I didn’t intend for it to be a children’s book; however, when a story unfolds itself, it chooses what it wants to be, and at that point, I thought to myself, children’s books are a great starting point and practice, especially to evolve as a writer — you always need to start somewhere.

I read that you embarked on your journey in 2014 by writing a fictional young adult novel? Is this finished? What is the story?
The story isn’t close to finished yet. When I began writing it 2014, it was totally different to what it is today. It’s still fictional for young adults but the plots, characters, and world-building have all evolved and matured to something totally different, and I’m glad that happened. I had to start from scratch and take bits and pieces from what I wrote in the past. It still has a long way to go. My goal right now is to work on other unfinished pieces and do more side research on that unfinished novel. It’s a complex story with complex characters, and it requires a lot of patience and dedication. 

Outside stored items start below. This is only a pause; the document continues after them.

text \<open>No group needs to be nonempty here: an empty group makes both sides \<open>0\<close>, as \<open>x / 0 = 0\<close>.\<close>
lemma complement_group_mean_eq:
  assumes "N \<ge> 1"
  shows "group_mean N (\<lambda>j. \<not> P j) f
    = ((\<Sum>j\<in>{1..N}. f j) / N - group_mean N P f * ((\<Sum>j\<in>{1..N}. of_bool (P j)) / N))
      / (1 - (\<Sum>j\<in>{1..N}. of_bool (P j)) / N)"
proof -
  have complement_sum: "(\<Sum>j\<in>{1..N}. of_bool (\<not> P j) * g j)
      = (\<Sum>j\<in>{1..N}. g j) - (\<Sum>j\<in>{1..N}. of_bool (P j) * g j)"
    for g :: "nat \<Rightarrow> real"
  proof -
    have "(\<Sum>j\<in>{1..N}. of_bool (\<not> P j) * g j) + (\<Sum>j\<in>{1..N}. of_bool (P j) * g j)
        = (\<Sum>j\<in>{1..N}. g j)"
      by (subst sum.distrib[symmetric]) (rule sum.cong, auto)
    then show ?thesis by simp
  qed
  define n where "n = (\<Sum>j\<in>{1..N}. of_bool (P j) :: real)"
  define S where "S = (\<Sum>j\<in>{1..N}. f j)"
  have size: "(\<Sum>j\<in>{1..N}. of_bool (\<not> P j) :: real) = N - n"
    using complement_sum[of "\<lambda>_. 1"] by (simp add: n_def del: sum_of_bool_eq)
  have "group_mean N (\<lambda>j. \<not> P j) f = (S - group_mean N P f * n) / (N - n)"
    by (simp only: group_mean_def[of N "\<lambda>j. \<not> P j"] complement_sum size
        group_sum_eq_mean_times_size[of P f N] S_def n_def)
  also have "\<dots> = (S / N - group_mean N P f * (n / N)) / (1 - n / N)"
    using assms by (cases "n = N") (simp_all add: field_simps)
  finally show ?thesis unfolding S_def n_def .
qed

lemma complement_group_mean_tendsto_zero:
  fixes P :: "nat \<Rightarrow> nat \<Rightarrow> bool" and f :: "nat \<Rightarrow> nat \<Rightarrow> real"
  assumes "(\<lambda>N. (\<Sum>j\<in>{1..N}. f N j) / real N) \<longlonglongrightarrow> 0"
    and "(\<lambda>N. (\<Sum>j\<in>{1..N}. of_bool (P N j)) / real N) \<longlonglongrightarrow> p" and "p \<noteq> 1"
    and "(\<lambda>N. group_mean N (P N) (f N)) \<longlonglongrightarrow> 0"
  shows "(\<lambda>N. group_mean N (\<lambda>j. \<not> P N j) (f N)) \<longlonglongrightarrow> 0"
proof -
  let ?share = "\<lambda>N. (\<Sum>j\<in>{1..N}. of_bool (P N j)) / real N"
  have "(\<lambda>N. ((\<Sum>j\<in>{1..N}. f N j) / real N - group_mean N (P N) (f N) * ?share N) / (1 - ?share N))
      \<longlonglongrightarrow> (0 - 0 * p) / (1 - p)"
    using assms by (intro tendsto_intros) auto
  moreover have "\<forall>\<^sub>F N in sequentially.
      ((\<Sum>j\<in>{1..N}. f N j) / real N - group_mean N (P N) (f N) * ?share N) / (1 - ?share N)
      = group_mean N (\<lambda>j. \<not> P N j) (f N)"
    using eventually_ge_at_top[of 1] by eventually_elim (simp add: complement_group_mean_eq)
  ultimately show ?thesis
    by (auto intro: Lim_transform_eventually)
qed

What are you working on next?
Right now, I’m working on a short story called Mouth of the Lion. The story is based on the red island in Ras Al Khaimah, which many today believe is haunted for some unknown reasons. The story goes back to the mid-1900s, and during that time there was a lot of trade between UAE and East Africa, which is something factual I do cover in the book. But I’ve played around a lot with the story, so nothing is really based on history, it’s purely fictional. All I can say is that strange events happen because someone took something they weren’t supposed to take.

What are three of your favorite novels you have ever read that you would recommend to your friends in a heartbeat?
I would recommend The Master and Margarita by Mikhail Bulgakov, To Kill A Mockingbird by Harper Lee, and The Rose of Tibet by Lionel Davidson.